* **Exercise requirements**
Which lines of the entries below run from the one holding "(\<theta> - t" to the one holding "(Suc n) = smult", inclusive? Set down exactly those lines and no others.

________________________

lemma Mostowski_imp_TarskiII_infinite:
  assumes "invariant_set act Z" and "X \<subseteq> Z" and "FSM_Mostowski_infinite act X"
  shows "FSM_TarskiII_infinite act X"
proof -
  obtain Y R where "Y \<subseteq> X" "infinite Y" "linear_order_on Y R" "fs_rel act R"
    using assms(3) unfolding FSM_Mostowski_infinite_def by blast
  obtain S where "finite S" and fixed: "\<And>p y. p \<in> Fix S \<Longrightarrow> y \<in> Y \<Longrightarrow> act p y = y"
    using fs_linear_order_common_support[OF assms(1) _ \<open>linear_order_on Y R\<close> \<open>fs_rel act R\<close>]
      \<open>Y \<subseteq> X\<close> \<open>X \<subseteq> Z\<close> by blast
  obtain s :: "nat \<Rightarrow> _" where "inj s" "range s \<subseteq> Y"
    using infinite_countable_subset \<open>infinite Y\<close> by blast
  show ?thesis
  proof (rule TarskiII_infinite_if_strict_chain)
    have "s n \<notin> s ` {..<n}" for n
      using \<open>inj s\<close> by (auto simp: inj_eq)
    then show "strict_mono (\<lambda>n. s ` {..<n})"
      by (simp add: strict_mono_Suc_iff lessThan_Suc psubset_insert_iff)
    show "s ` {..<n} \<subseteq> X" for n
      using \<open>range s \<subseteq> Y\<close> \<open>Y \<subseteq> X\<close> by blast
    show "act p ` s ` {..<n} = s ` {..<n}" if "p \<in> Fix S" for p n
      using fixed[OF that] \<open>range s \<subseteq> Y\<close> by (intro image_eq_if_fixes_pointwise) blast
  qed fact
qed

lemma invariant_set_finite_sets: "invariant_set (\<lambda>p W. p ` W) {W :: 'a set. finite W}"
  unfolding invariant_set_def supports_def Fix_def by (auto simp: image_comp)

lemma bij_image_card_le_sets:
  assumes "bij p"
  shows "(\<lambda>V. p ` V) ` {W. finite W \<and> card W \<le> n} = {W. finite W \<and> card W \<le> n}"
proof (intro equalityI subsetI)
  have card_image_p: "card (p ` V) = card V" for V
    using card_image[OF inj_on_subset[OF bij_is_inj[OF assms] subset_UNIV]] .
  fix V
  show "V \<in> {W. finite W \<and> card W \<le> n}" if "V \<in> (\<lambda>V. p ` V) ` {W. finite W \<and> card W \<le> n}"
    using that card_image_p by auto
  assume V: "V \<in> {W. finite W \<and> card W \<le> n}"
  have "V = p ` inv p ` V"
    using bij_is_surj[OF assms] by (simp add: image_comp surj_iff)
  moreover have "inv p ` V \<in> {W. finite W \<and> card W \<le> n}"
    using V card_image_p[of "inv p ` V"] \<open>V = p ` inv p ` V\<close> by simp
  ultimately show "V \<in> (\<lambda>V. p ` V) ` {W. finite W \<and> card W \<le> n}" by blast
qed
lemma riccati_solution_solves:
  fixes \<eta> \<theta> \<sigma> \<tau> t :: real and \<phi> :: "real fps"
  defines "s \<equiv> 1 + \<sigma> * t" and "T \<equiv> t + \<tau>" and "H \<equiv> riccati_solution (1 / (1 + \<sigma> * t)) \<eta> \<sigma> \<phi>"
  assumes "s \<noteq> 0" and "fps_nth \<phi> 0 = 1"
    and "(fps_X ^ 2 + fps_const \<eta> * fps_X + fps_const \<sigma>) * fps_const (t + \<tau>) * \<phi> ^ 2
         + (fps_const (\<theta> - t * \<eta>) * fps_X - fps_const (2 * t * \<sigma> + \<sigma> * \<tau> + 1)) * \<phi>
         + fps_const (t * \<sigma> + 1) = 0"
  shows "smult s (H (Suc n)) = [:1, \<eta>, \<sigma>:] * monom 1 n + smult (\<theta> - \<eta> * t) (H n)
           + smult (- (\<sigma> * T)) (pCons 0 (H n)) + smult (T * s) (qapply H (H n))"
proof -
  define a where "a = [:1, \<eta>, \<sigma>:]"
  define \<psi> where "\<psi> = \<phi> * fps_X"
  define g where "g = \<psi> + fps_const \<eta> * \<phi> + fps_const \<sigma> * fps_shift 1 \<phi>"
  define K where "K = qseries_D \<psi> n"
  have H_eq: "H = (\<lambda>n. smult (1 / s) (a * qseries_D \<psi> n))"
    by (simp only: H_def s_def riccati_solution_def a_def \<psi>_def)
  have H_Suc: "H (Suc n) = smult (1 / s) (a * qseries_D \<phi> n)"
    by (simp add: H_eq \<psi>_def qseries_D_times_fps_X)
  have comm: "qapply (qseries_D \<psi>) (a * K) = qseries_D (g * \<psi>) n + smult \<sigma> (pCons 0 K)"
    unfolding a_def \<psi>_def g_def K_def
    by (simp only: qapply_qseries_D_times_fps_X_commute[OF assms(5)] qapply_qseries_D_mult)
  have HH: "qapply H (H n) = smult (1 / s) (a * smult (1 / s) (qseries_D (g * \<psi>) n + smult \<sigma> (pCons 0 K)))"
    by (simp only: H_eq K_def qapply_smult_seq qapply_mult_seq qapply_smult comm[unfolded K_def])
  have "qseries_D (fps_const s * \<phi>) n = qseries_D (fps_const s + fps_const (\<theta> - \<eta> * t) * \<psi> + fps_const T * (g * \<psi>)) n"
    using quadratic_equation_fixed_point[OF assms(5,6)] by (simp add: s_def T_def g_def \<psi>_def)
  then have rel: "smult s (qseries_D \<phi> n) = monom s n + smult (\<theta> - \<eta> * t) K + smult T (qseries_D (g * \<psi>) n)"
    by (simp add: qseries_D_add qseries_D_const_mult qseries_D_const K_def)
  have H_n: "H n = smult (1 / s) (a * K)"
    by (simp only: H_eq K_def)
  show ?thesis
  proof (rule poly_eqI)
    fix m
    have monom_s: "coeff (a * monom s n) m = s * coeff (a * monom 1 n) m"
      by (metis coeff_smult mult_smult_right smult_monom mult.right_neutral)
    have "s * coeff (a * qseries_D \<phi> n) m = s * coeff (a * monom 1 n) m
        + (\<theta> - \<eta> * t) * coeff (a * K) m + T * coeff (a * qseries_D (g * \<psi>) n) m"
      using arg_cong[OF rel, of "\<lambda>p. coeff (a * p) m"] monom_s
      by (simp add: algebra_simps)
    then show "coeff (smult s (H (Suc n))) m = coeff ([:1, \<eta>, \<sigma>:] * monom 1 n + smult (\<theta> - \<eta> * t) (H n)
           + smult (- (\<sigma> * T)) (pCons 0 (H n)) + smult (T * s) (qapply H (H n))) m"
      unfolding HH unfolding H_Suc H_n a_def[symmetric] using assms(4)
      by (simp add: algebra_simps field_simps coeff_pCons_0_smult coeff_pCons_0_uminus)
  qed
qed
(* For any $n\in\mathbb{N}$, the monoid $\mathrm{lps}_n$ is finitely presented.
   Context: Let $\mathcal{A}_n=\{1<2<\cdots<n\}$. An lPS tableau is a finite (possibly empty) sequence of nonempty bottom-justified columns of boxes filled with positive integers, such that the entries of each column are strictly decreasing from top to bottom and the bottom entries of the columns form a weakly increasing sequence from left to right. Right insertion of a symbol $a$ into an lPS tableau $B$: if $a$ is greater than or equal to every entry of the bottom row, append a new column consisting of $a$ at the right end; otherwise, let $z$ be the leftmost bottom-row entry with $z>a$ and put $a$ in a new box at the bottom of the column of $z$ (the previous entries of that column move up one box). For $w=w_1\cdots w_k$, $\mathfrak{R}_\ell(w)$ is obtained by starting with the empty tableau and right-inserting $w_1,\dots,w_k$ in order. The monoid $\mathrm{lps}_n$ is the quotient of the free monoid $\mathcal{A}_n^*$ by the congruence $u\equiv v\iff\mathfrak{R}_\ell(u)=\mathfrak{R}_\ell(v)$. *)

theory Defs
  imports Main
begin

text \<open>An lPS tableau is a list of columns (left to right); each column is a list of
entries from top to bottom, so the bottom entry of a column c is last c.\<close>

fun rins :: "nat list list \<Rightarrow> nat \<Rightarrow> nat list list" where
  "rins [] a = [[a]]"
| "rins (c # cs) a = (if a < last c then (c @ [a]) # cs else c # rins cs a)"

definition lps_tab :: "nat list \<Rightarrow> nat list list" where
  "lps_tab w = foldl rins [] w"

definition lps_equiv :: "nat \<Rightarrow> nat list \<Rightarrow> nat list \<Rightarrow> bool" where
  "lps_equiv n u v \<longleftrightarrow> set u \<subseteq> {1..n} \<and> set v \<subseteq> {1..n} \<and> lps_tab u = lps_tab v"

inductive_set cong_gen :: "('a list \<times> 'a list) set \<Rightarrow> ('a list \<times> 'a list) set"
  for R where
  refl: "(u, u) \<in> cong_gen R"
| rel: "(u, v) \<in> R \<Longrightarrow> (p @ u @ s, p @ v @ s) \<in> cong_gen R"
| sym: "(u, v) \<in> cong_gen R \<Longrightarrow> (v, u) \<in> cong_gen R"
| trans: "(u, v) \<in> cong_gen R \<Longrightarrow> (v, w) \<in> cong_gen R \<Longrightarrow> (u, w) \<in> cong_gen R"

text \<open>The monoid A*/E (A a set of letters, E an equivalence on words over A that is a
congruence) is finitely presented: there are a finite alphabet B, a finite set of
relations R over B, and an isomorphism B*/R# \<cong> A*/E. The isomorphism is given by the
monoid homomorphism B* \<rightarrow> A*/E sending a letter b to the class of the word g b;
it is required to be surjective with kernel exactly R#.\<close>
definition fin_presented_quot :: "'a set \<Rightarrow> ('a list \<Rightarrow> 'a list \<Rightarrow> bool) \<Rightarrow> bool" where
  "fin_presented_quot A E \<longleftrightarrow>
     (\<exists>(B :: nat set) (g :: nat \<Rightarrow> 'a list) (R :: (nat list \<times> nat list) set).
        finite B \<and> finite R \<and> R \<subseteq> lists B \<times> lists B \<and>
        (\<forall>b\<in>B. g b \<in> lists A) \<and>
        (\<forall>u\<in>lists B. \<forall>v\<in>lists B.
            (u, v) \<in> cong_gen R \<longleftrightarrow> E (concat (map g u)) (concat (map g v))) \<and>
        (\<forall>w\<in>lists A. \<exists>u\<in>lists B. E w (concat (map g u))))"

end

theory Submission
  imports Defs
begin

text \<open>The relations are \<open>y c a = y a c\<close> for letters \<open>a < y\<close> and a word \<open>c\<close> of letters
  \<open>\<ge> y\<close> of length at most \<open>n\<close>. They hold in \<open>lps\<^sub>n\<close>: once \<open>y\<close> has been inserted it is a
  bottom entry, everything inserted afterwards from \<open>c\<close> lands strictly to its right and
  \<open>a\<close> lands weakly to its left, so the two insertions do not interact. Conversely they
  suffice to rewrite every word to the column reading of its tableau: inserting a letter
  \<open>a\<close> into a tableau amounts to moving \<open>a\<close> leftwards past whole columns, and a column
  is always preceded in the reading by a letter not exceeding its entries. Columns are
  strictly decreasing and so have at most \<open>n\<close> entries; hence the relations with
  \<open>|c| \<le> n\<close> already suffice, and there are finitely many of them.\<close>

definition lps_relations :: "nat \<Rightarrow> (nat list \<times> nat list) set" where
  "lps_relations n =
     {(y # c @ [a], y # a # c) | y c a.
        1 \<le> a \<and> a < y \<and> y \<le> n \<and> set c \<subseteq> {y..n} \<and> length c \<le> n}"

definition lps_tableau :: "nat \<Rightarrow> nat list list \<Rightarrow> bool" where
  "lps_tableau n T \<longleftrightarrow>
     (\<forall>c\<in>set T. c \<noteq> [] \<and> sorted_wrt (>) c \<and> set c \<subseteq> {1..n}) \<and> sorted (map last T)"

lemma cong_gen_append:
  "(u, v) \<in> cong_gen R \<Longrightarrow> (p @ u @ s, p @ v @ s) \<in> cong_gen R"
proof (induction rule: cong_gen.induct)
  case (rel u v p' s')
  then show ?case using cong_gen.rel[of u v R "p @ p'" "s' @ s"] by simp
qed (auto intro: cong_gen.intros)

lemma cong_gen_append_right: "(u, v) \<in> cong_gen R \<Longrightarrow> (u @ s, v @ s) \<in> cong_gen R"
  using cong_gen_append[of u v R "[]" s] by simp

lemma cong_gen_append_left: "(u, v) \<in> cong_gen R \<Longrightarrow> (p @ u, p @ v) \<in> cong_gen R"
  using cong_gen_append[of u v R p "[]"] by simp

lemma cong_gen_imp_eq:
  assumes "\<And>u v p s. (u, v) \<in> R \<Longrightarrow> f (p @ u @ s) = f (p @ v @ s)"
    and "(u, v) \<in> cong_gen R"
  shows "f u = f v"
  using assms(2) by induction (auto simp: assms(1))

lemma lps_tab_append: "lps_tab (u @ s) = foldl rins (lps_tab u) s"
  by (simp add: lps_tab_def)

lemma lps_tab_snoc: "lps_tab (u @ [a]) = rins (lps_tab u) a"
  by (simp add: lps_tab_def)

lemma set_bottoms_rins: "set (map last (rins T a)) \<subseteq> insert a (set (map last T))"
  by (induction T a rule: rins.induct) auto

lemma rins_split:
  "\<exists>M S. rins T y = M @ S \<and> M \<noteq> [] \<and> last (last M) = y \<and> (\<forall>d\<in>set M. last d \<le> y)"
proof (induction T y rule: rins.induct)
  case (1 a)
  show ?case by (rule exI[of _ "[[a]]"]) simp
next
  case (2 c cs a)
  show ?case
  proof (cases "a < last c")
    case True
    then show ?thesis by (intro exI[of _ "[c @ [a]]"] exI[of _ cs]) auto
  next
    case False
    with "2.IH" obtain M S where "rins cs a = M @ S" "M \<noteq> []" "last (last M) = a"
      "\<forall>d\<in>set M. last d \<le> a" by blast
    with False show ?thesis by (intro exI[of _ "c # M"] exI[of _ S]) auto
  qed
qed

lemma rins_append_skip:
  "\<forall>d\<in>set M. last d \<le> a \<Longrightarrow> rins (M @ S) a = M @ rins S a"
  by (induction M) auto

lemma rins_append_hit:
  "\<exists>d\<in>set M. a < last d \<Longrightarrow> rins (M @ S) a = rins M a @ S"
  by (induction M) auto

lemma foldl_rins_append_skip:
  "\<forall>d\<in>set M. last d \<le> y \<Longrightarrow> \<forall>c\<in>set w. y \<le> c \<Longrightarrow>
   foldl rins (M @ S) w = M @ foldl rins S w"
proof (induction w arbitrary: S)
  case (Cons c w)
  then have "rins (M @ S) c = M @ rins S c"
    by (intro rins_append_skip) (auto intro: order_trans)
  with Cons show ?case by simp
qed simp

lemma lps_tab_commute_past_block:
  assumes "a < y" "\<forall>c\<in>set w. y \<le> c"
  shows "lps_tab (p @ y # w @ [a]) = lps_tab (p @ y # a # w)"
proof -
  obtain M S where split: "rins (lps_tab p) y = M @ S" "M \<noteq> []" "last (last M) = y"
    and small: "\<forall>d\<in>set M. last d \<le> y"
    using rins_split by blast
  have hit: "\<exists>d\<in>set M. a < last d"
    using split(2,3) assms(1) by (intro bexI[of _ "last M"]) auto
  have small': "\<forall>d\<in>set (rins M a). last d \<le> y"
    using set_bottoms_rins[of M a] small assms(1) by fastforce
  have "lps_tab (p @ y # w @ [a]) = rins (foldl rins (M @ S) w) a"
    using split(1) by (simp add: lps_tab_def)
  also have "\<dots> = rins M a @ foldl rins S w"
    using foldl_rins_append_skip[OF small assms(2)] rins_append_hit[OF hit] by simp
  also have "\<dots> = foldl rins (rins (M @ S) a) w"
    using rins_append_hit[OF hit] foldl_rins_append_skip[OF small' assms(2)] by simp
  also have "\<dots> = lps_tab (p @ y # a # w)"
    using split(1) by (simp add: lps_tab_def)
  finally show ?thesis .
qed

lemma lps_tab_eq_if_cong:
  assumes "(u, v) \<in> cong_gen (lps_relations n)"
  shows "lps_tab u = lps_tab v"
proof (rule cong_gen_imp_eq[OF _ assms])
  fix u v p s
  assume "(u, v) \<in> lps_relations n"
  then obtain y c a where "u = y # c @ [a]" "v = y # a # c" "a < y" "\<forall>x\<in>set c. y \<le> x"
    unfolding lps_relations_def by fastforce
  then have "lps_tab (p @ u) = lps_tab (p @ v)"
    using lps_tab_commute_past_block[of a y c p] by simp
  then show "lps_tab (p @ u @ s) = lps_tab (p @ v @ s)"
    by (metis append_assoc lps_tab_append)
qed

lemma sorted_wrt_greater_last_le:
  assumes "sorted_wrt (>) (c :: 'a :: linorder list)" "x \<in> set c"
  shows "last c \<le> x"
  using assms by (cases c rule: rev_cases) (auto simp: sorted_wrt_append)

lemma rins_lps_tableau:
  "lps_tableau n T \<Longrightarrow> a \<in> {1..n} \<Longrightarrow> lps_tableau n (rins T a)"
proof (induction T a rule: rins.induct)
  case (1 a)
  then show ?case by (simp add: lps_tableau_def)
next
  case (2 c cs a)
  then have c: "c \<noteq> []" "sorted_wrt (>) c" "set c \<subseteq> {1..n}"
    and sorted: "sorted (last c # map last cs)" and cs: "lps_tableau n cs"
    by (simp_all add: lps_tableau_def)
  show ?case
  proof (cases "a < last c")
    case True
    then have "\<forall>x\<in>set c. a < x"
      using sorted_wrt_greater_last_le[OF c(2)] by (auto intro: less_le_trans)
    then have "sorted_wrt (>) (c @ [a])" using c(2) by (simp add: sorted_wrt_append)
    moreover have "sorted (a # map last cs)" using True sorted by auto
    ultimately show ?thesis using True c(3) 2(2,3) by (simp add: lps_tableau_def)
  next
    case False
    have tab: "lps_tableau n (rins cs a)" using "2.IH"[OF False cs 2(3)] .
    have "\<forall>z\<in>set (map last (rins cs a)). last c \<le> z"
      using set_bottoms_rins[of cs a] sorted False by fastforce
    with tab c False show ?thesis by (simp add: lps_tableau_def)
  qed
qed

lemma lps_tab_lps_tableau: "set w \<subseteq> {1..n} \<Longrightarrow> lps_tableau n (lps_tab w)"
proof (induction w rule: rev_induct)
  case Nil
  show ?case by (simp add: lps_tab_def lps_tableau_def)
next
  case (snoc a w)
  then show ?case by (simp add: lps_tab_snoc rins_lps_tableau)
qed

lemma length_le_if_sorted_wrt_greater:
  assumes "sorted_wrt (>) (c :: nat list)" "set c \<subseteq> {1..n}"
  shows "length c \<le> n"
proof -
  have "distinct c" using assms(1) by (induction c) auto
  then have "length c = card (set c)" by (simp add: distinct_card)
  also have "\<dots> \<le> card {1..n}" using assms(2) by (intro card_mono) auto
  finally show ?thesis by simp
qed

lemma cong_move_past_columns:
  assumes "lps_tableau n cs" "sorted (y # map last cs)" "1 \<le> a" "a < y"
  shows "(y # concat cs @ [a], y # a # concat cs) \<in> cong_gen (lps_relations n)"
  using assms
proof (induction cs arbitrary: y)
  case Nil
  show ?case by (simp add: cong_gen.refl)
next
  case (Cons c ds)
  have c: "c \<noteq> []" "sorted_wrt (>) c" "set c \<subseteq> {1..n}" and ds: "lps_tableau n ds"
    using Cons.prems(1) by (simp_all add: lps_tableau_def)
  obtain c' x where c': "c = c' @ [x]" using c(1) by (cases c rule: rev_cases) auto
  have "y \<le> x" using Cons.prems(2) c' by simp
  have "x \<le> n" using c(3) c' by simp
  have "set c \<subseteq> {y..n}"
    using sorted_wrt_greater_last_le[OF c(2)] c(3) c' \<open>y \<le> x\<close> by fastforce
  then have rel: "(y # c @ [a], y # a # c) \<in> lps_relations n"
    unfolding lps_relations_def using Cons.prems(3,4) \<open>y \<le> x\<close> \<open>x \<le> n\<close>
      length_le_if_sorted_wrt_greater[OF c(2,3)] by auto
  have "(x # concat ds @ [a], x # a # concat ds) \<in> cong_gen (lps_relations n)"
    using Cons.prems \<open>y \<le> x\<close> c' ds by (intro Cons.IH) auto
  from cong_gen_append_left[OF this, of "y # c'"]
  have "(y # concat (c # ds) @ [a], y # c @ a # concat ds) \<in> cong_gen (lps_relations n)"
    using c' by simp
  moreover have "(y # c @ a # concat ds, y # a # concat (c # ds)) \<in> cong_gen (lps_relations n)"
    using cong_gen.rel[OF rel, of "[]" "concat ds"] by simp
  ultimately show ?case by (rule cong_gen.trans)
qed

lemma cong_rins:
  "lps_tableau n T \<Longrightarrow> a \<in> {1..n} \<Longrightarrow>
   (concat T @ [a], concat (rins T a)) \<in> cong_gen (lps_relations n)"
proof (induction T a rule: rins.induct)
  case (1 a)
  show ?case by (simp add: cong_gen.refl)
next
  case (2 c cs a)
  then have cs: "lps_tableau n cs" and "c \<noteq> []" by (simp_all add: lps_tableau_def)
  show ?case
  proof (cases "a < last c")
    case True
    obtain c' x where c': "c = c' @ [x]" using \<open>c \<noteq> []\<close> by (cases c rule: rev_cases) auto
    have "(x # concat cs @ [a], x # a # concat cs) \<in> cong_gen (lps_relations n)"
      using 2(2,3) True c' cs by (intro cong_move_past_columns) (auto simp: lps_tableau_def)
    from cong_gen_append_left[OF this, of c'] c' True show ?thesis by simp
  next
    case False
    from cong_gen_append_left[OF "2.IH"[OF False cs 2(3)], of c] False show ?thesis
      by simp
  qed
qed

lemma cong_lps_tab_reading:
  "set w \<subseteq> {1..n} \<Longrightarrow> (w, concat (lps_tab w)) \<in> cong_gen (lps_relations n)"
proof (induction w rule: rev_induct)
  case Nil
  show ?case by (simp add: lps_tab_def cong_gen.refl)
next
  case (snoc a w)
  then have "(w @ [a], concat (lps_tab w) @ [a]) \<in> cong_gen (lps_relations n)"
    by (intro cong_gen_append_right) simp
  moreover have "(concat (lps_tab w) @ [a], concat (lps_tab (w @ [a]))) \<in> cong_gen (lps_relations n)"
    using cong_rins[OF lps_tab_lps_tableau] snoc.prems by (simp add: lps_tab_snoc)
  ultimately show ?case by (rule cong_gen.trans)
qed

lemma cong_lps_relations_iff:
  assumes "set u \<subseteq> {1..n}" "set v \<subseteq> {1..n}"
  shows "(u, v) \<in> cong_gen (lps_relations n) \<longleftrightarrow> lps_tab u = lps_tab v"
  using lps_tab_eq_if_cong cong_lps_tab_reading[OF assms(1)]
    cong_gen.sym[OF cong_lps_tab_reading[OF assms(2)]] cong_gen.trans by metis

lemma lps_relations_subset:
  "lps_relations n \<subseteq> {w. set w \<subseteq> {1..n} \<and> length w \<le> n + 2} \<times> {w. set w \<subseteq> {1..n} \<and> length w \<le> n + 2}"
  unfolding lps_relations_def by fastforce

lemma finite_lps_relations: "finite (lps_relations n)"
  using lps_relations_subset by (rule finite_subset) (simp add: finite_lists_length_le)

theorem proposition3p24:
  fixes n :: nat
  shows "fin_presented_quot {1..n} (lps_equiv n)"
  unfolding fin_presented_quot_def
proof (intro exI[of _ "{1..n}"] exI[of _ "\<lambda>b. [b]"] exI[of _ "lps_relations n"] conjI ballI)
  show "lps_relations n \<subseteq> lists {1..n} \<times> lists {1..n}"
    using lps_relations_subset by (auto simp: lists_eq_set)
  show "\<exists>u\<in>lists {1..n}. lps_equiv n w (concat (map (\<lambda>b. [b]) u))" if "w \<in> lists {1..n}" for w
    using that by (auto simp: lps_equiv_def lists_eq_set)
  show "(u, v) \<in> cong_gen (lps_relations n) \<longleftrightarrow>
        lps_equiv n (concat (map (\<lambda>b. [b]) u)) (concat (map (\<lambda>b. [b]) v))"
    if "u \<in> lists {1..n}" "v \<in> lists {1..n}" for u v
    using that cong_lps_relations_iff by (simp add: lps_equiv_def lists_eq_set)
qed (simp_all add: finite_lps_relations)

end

________________________

* **Written answer**
         + (fps_const (\<theta> - t * \<eta>) * fps_X - fps_const (2 * t * \<sigma> + \<sigma> * \<tau> + 1)) * \<phi>
         + fps_const (t * \<sigma> + 1) = 0"
  shows "smult s (H (Suc n)) = [:1, \<eta>, \<sigma>:] * monom 1 n + smult (\<theta> - \<eta> * t) (H n)
           + smult (- (\<sigma> * T)) (pCons 0 (H n)) + smult (T * s) (qapply H (H n))"
proof -
  define a where "a = [:1, \<eta>, \<sigma>:]"
  define \<psi> where "\<psi> = \<phi> * fps_X"
  define g where "g = \<psi> + fps_const \<eta> * \<phi> + fps_const \<sigma> * fps_shift 1 \<phi>"
  define K where "K = qseries_D \<psi> n"
  have H_eq: "H = (\<lambda>n. smult (1 / s) (a * qseries_D \<psi> n))"
    by (simp only: H_def s_def riccati_solution_def a_def \<psi>_def)
  have H_Suc: "H (Suc n) = smult (1 / s) (a * qseries_D \<phi> n)"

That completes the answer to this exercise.